▸ **Aim of the exercise**: Search the records that follow and extract every line containing the string "covariance".

[Records excerpted from a collection]

(* If $\xi=(\xi_1,\xi_2)$ is a simple max-stable bivariate random vector with dependency set $K$, then $$\mathbb{E}(\xi_1^{-1}\xi_2^{-1})=2V_2(K^o)\quad\text{and}\quad\mathrm{Cov}(\xi_1^{-1},\xi_2^{-1})=2V_2(K^o)-1,$$ where $K^o=\{x\in[0,\infty)^2:h(K,x)\le1\}$ and $V_2$ is area.
   Context: A simple max-stable random vector is max-stable with unit Fréchet marginals ($\mathbb{P}\{\xi_i\le t\}=e^{-1/t}$, $t>0$). Its dependency set is the compact convex $K\subset[0,1]^2$ with $\mathbb{P}\{\xi\le x\}=\exp\{-h(K,(1/x_1,1/x_2))\}$ for $x\in(0,\infty)^2$. The support function is $h(K,x)=\sup_{y\in K}\langle y,x\rangle$. *)

theory Defs
  imports "HOL-Probability.Probability"
begin

definition supp_fun :: "(real \<times> real) set \<Rightarrow> real \<times> real \<Rightarrow> real" where
  "supp_fun K x = (SUP y\<in>K. y \<bullet> x)"

definition polar_pos :: "(real \<times> real) set \<Rightarrow> (real \<times> real) set" where
  "polar_pos K = {x. 0 \<le> fst x \<and> 0 \<le> snd x \<and> supp_fun K x \<le> 1}"

definition covariance :: "'a measure \<Rightarrow> ('a \<Rightarrow> real) \<Rightarrow> ('a \<Rightarrow> real) \<Rightarrow> real" where
  "covariance M X Y =
     integral\<^sup>L M (\<lambda>\<omega>. (X \<omega> - integral\<^sup>L M X) * (Y \<omega> - integral\<^sup>L M Y))"

definition simple_max_stable_dep :: "'a measure \<Rightarrow> ('a \<Rightarrow> real \<times> real) \<Rightarrow> (real \<times> real) set \<Rightarrow> bool" where
  "simple_max_stable_dep M \<xi> K \<longleftrightarrow>
     prob_space M \<and> \<xi> \<in> borel_measurable M \<and>
     (\<forall>t>0. measure M {\<omega>\<in>space M. fst (\<xi> \<omega>) \<le> t} = exp (- 1 / t)) \<and>
     (\<forall>t>0. measure M {\<omega>\<in>space M. snd (\<xi> \<omega>) \<le> t} = exp (- 1 / t)) \<and>
     compact K \<and> convex K \<and> K \<subseteq> {0..1} \<times> {0..1} \<and>
     (\<forall>x1>0. \<forall>x2>0. measure M {\<omega>\<in>space M. fst (\<xi> \<omega>) \<le> x1 \<and> snd (\<xi> \<omega>) \<le> x2}
         = exp (- supp_fun K (1 / x1, 1 / x2)))"

end

theory Submission
  imports Defs
begin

▸ **Answer box**:
definition covariance :: "'a measure \<Rightarrow> ('a \<Rightarrow> real) \<Rightarrow> ('a \<Rightarrow> real) \<Rightarrow> real" where
  "covariance M X Y =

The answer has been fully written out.